The patches in a landscape are not always connected, like most examples I gave in the previous blog. Often (and increasingly today because of habitat fragmentation), patches are becoming increasingly small and distant from each other. Understanding how this affects the species living in these patches is extremely important for practical applications like restoration of ecosystems and conservation of species. These dynamics are explained fairly well by the theory of island biogeography.
The theory of island biogeography
This landmark theory was proposed by two scientists; MacArthur and Wilson in 1963. Initially, this theory was proposed to explain the distribution and abundance of species living in islands separated by oceans. Soon, the theory found other applications. For example, it was applied to communities living in alpine mountaintops; they are in effect islands isolated by the ocean of space separating them. Similarly, they were applied to cave communities; the conditions separating the cave from the land above was as inhospitable as an ocean.
Once habitat fragmentation in a landscape became a problem that could not be ignored, ecologists happily extrapolated this theory into landscape ecology. The fragmented patches of land represented islands, and the large corridors in between were the “ocean”.
The picture here shows a fragmented forest. As you can see, the patches of forest are spread in a background of grasses just like islands in an ocean.
How does this theory apply to landscapes?
The theory applies exactly as it did in a ocean-island situation. The theory comes up with a correlation between size of the island and the number of species in the island. Also it correlates the distance of the island from the next and the number of species on both islands.
In any area, the species composition is a direct result of two variables; the rate of immigration and the rate of extinction (or emigration). These are the two variables considered in this theory.
The theory proposes a linear positive relationship between the size of the island and the number of species on it.
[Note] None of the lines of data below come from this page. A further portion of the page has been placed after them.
lemma cosq_fun_split_gt_one:
  assumes K: "K \<noteq> 0" and pos: "0 < x" "0 < y" "0 < \<delta>"
    and bound: "K > 0 \<Longrightarrow> sqrt K * (x + y) \<le> pi / 2 \<and> sqrt K * \<delta> \<le> pi / 2"
  shows "cosq_fun K x y x y \<delta> (x + y) > 1"
proof -
  define k where "k = sqrt \<bar>K\<bar>"
  have k: "k > 0" using K by (simp add: k_def)
  have kxy: "k * (x + y) = k * x + k * y" by (simp add: distrib_left)
  show ?thesis
  proof (cases "K > 0")
    case True
    then have "k = sqrt K" by (simp add: k_def)
    with bound[OF True] have "k * x + k * y \<le> pi / 2" "k * \<delta> \<le> pi / 2"
      by (simp_all add: distrib_left)
    with True show ?thesis
      using spherical_split_gt_one[of "k * x" "k * y" "k * \<delta>"] k pos
      unfolding cosq_fun_def Let_def k_def[symmetric] kxy by simp
  next
    case False
    then show ?thesis
      using hyperbolic_split_gt_one[of "k * x" "k * y" "k * \<delta>"] k pos
      unfolding cosq_fun_def Let_def k_def[symmetric] kxy by simp
  qed
qed

lemma cosq_fun_split_lt_minus_one:
  assumes K: "K \<noteq> 0" and pos: "0 < x" "0 < y" "0 < \<delta>"
    and bound: "K > 0 \<Longrightarrow> sqrt K * (x + y) \<le> pi / 2 \<and> sqrt K * \<delta> \<le> pi / 2"
  shows "cosq_fun K x y \<delta> (x + y) x y < -1"
proof -
  define k where "k = sqrt \<bar>K\<bar>"
  have k: "k > 0" using K by (simp add: k_def)
  have kxy: "k * (x + y) = k * x + k * y" by (simp add: distrib_left)
  show ?thesis
  proof (cases "K > 0")
    case True
    then have "k = sqrt K" by (simp add: k_def)
    with bound[OF True] have "k * x + k * y \<le> pi / 2" "k * \<delta> \<le> pi / 2"
      by (simp_all add: distrib_left)
    with True show ?thesis
      using spherical_split_lt_minus_one[of "k * x" "k * y" "k * \<delta>"] k pos
      unfolding cosq_fun_def Let_def k_def[symmetric] kxy by simp
  next
    case False
    then show ?thesis
      using hyperbolic_split_lt_minus_one[of "k * x" "k * y" "k * \<delta>"] k pos
      unfolding cosq_fun_def Let_def k_def[symmetric] kxy by simp
  qed
qed

lemma admissible_quad_if_diam_bound:
  fixes A P B Q :: "'a::metric_space"
  assumes diam: "K > 0 \<Longrightarrow> \<forall>x y :: 'a. dist x y \<le> pi / (2 * sqrt K)" and "A \<noteq> P" "B \<noteq> Q"
  shows "admissible_quad K A P B Q"
proof -
  have "dist u v < pi / sqrt K" if "K > 0" for u v :: 'a
  proof -
    have "dist u v \<le> pi / (2 * sqrt K)" using diam[OF that] by blast
    also have "\<dots> < pi / sqrt K" using that by (simp add: field_simps)
    finally show ?thesis .
  qed
  with assms(2,3) show ?thesis unfolding admissible_quad_def by blast
qed

lemma fraction_points_limit_pos:
  assumes As: "As \<longlonglongrightarrow> A" and Bs: "Bs \<longlonglongrightarrow> B" and t: "t \<longlonglongrightarrow> \<tau>"
    and M: "\<And>n. fraction_point (t n) A B (M n)"
    and N: "\<And>n. fraction_point (t n) (As n) (Bs n) (N n)"
    and MN: "(\<lambda>n. dist (M n) (N n)) \<longlonglongrightarrow> \<delta>" and \<delta>: "\<delta> > 0"
  shows "0 < \<tau> * dist A B" "0 < (1 - \<tau>) * dist A B"
proof -
  note lim = fraction_points_dist_tendsto[OF As Bs t M N]
  have "\<delta> \<le> \<tau> * dist A B + \<tau> * dist A B"
    by (rule tendsto_le[OF _ tendsto_add[OF lim(1,3)] MN])
      (auto intro!: always_eventually dist_triangle3)
  moreover have "\<delta> \<le> (1 - \<tau>) * dist A B + (1 - \<tau>) * dist A B"
    by (rule tendsto_le[OF _ tendsto_add[OF lim(2,4)] MN])
      (auto intro!: always_eventually dist_triangle2)
  ultimately show "0 < \<tau> * dist A B" "0 < (1 - \<tau>) * dist A B" using \<delta> by linarith+
qed

lemma fraction_points_dist_limit_eq_0:
  fixes A B :: "'a::metric_space" and As Bs M N :: "nat \<Rightarrow> 'a"
  assumes K: "K \<noteq> 0"
    and diam: "K > 0 \<Longrightarrow> \<forall>x y :: 'a. dist x y \<le> pi / (2 * sqrt K)"
    and cond: "one_sided_cosq_cond K TYPE('a)"
    and As: "As \<longlonglongrightarrow> A" and Bs: "Bs \<longlonglongrightarrow> B" and t: "t \<longlonglongrightarrow> \<tau>"
    and M: "\<And>n. fraction_point (t n) A B (M n)"
    and N: "\<And>n. fraction_point (t n) (As n) (Bs n) (N n)"
    and MN: "(\<lambda>n. dist (M n) (N n)) \<longlonglongrightarrow> \<delta>"
  shows "\<delta> = 0"
proof (rule ccontr)
  assume "\<delta> \<noteq> 0"
  moreover have "\<delta> \<ge> 0" by (rule tendsto_lowerbound[OF MN]) auto
  ultimately have \<delta>: "\<delta> > 0" by simp
  define x y where "x = \<tau> * dist A B" and "y = (1 - \<tau>) * dist A B"
  have xy: "dist A B = x + y" by (simp add: x_def y_def algebra_simps)
  note lim = fraction_points_dist_tendsto[OF As Bs t M N, folded x_def y_def]
  have lim_commuted: "(\<lambda>n. dist (M n) A) \<longlonglongrightarrow> x" "(\<lambda>n. dist (N n) B) \<longlonglongrightarrow> y"
    using lim by (simp_all add: dist_commute)
  note x_y = fraction_points_limit_pos[OF As Bs t M N MN \<delta>, folded x_def y_def]
  have bound: "sqrt K * (x + y) \<le> pi / 2 \<and> sqrt K * \<delta> \<le> pi / 2" if "K > 0"
  proof -
    have "dist A B \<le> pi / (2 * sqrt K)" using diam[OF that] by blast
    moreover have "\<delta> \<le> pi / (2 * sqrt K)"
      using diam[OF that] by (intro tendsto_upperbound[OF MN]) auto
    ultimately show ?thesis using that by (simp add: xy field_simps)
  qed
  have angles: "sqrt K * x < pi \<and> sqrt K * y < pi \<and> sqrt K * \<delta> < pi" if "K > 0"
  proof -
    have "0 < sqrt K * x" "0 < sqrt K * y" using that x_y by simp_all
    with bound[OF that] pi_gt_zero show ?thesis by (auto simp: distrib_left)
  qed
  have "\<forall>\<^sub>F n in sequentially. 0 < dist A (M n) \<and> 0 < dist (N n) B"
    using order_tendstoD(1)[OF lim(1) x_y(1)] order_tendstoD(1)[OF lim(4) x_y(2)]
    by eventually_elim simp
  then have adm: "\<forall>\<^sub>F n in sequentially.
      admissible_quad K A (M n) (N n) B \<and> admissible_quad K (M n) A (N n) B"
    by eventually_elim (auto intro: admissible_quad_if_diam_bound[OF diam])
  from cond show False
    unfolding one_sided_cosq_cond_def
  proof
    assume "upper_cosq_cond K TYPE('a)"
    then have "cosq_fun K x y x y \<delta> (x + y) \<le> 1"
      by (rule upper_cosq_cond_limit[where Ps = M and Bs = N])
        (use adm lim MN K x_y angles in \<open>auto simp: xy elim: eventually_mono\<close>)
    with cosq_fun_split_gt_one[OF K x_y \<delta> bound] show False by simp
  next
    assume "lower_cosq_cond K TYPE('a)"
    then have "cosq_fun K x y \<delta> (x + y) x y \<ge> -1"
      by (rule lower_cosq_cond_limit[where As = M and Bs = N])
        (use adm lim lim_commuted MN K x_y angles in \<open>auto simp: xy elim: eventually_mono\<close>)
    with cosq_fun_split_lt_minus_one[OF K x_y \<delta> bound] show False by simp
  qed
qed

lemma fraction_points_dist_tendsto_0:
  fixes A B :: "'a::metric_space" and As Bs M N :: "nat \<Rightarrow> 'a"
  assumes K: "K \<noteq> 0"
    and diam: "K > 0 \<Longrightarrow> \<forall>x y :: 'a. dist x y \<le> pi / (2 * sqrt K)"
    and cond: "one_sided_cosq_cond K TYPE('a)"
    and As: "As \<longlonglongrightarrow> A" and Bs: "Bs \<longlonglongrightarrow> B" and t: "\<And>n. t n \<in> {0..1}"
    and M: "\<And>n. fraction_point (t n) A B (M n)"
    and N: "\<And>n. fraction_point (t n) (As n) (Bs n) (N n)"
  shows "(\<lambda>n. dist (M n) (N n)) \<longlonglongrightarrow> 0"
proof (rule ccontr)
  define d where "d n = dist (M n) (N n)" for n
  assume "\<not> (\<lambda>n. dist (M n) (N n)) \<longlonglongrightarrow> 0"
  then obtain e where e: "e > 0" and "\<forall>m. \<exists>n\<ge>m. e \<le> d n"
    unfolding LIMSEQ_iff d_def by (auto simp: not_less)
  then have "infinite {n. e \<le> d n}" by (simp add: infinite_nat_iff_unbounded_le)
  then obtain r :: "nat \<Rightarrow> nat" where r: "strict_mono r" "\<And>n. e \<le> d (r n)"
    using infinite_enumerate by blast
  have "(\<lambda>n. dist A (As n) + dist (As n) (Bs n)) \<longlonglongrightarrow> dist A A + dist A B"
    by (intro tendsto_intros As Bs)
  then have "Bseq (\<lambda>n. dist A (As n) + dist (As n) (Bs n))"
    by (rule convergent_imp_Bseq[OF convergentI])
  then obtain C where C: "\<And>n. dist A (As n) + dist (As n) (Bs n) \<le> C"
    unfolding Bseq_def by fastforce
  have d_le: "d n \<le> dist A B + C" for n
  proof -
    have "d n \<le> dist A (M n) + (dist A (As n) + dist (As n) (N n))"
      unfolding d_def by (meson add_left_mono dist_triangle dist_triangle3 order_trans)
    moreover have "dist A (M n) \<le> dist A B" "dist (As n) (N n) \<le> dist (As n) (Bs n)"
      using M[of n] N[of n] t[of n] unfolding fraction_point_def
      by (auto intro: mult_left_le_one_le)
    ultimately show ?thesis using C[of n] by linarith
  qed
  have "seq_compact ({0..1::real} \<times> {0..dist A B + C})"
    by (intro compact_imp_seq_compact compact_Times compact_Icc)
  moreover have "\<forall>j. (t (r j), d (r j)) \<in> {0..1} \<times> {0..dist A B + C}"
    using t d_le by (auto simp: d_def)
  ultimately obtain lim s where s: "strict_mono (s :: nat \<Rightarrow> nat)"
    "((\<lambda>j. (t (r j), d (r j))) \<circ> s) \<longlonglongrightarrow> lim"
    by (rule seq_compactE) blast
  define q where "q = r \<circ> s"
  have q: "strict_mono q" unfolding q_def using r(1) s(1) by (rule strict_mono_o)
  have "snd lim = 0"
  proof (rule fraction_points_dist_limit_eq_0[OF K diam cond])
    show "(\<lambda>j. t (q j)) \<longlonglongrightarrow> fst lim" "(\<lambda>j. dist (M (q j)) (N (q j))) \<longlonglongrightarrow> snd lim"
      using tendsto_fst[OF s(2)] tendsto_snd[OF s(2)] by (simp_all add: q_def o_def d_def)
    show "(\<lambda>j. As (q j)) \<longlonglongrightarrow> A" "(\<lambda>j. Bs (q j)) \<longlonglongrightarrow> B"
      using LIMSEQ_subseq_LIMSEQ[OF As q] LIMSEQ_subseq_LIMSEQ[OF Bs q] by (simp_all add: o_def)
  qed (use M N in auto)
  moreover have "e \<le> snd lim"
    using r(2) tendsto_snd[OF s(2)] by (intro tendsto_lowerbound) (auto simp: o_def)
  ultimately show False using e by simp
qed

lemma uniform_limit_sequentially_dist_tendsto_0I:
  fixes f :: "nat \<Rightarrow> 'a \<Rightarrow> 'b::metric_space"
  assumes "\<And>x. (\<And>n. x n \<in> S) \<Longrightarrow> (\<lambda>n. dist (f n (x n)) (g (x n))) \<longlonglongrightarrow> 0"
  shows "uniform_limit S f g sequentially"
  unfolding uniform_limit_iff
proof (intro allI impI)
  fix e :: real assume e: "e > 0"
  show "\<forall>\<^sub>F n in sequentially. \<forall>x\<in>S. dist (f n x) (g x) < e"
  proof (cases "S = {}")
    case False
    text \<open>\<open>worst n\<close> is a point where \<open>f n\<close> is \<open>e\<close>-far from \<open>g\<close>, if there is one.\<close>
    define worst where "worst n =
      (SOME x. x \<in> S \<and> (dist (f n x) (g x) < e \<longrightarrow> (\<forall>y\<in>S. dist (f n y) (g y) < e)))" for n
    have worst: "worst n \<in> S \<and> (dist (f n (worst n)) (g (worst n)) < e \<longrightarrow> (\<forall>y\<in>S. dist (f n y) (g y) < e))"
      for n unfolding worst_def by (rule someI_ex) (use False in \<open>auto simp: not_less\<close>)
    have "(\<lambda>n. dist (f n (worst n)) (g (worst n))) \<longlonglongrightarrow> 0" using worst by (intro assms) blast
    then have "\<forall>\<^sub>F n in sequentially. dist (f n (worst n)) (g (worst n)) < e"
      using e by (rule order_tendstoD)
    then show ?thesis by eventually_elim (use worst in blast)
  qed simp
qed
This means that larger the island, more the number of species present on it (or less is the extinction rate).
In terms of connectivity, the theory says that nearer the islands, greater is the species richness because it allows for easier dispersion among individuals of the two communities (in other words, greater immigration).
The entire theory can be summarized in the graphs below-
Applications of island biogeography
This theory has seen vast applications in conservation efforts to preserve biodiversity. Most national parks and wildlife sanctuaries built in the 1980s have strongly relied on this theory for guidance.
In case of places with high possibilities of natural disturbance like fires or floods, it is ideal to have patches of habitat in the protected area. While a single patch would certainly contain more number of species, it would be in great danger of being completely wiped out if a disturbance occurred. If the total species composition was spread between small patches of moderate number of species, patches that have not been affected by the disturbance will be able to recolonize the patches that were destroyed. Hence, smaller but interconnected patches have been proposed for such conservation settings.
It also helped understand the development of endemic species in isolated areas. When a patch become extremely isolated, the immigration rates would be reduced to almost zero. This would allow the species in that community to evolve and adapt to that ecosystem specifically, leading to specialized adaptations (otherwise called endemism). These species would only be found in that region.
It also explained high extinction rates due to a fragmented landscape. If patches become very isolated, the species would not be able to migrate in times of a catastrophic event (natural or man-made). These species could very easily become extinct.
A highly fragmented landscape also prevented natural migration and movement habits of large mammals like elephants. A highway cutting through a large forest could destroy a natural route for elephants of that forest. Elephants are highly sensitive to such disturbances; it can lead to severe problems within the elephant population. Further, such fragmentation has lead to many human-wildlife conflicts.
In essence, smaller and less connected patches have lead to greater loss in biodiversity. This is the greatest danger of habitat fragmentation caused by human activities.
Is this theory perfect?
No. As with any theory, this theory was also met with severe criticism. In special conditions, the controlling variables of this theory were known to become invalid. For example, if a patch was very close to a large, unfragmented forest, there would be constant movement of species to and fro. Rates of immigration/emigration would too high because of very good connectivity, rendering the size of the patch immaterial. It does not consider the dynamics of the food web in a patch and how that could influence species composition (I have written about how a food web could respond to a disturbance here). The theory also assumes that the patches (or islands) are in equilibrium; this is rarely the case because patches always have frequent disturbances.
This theory is a simplified version of how patches in a fragmented landscape can affect the species composition and the overall biodiversity of the area. Nevertheless, in most cases, this theory holds true.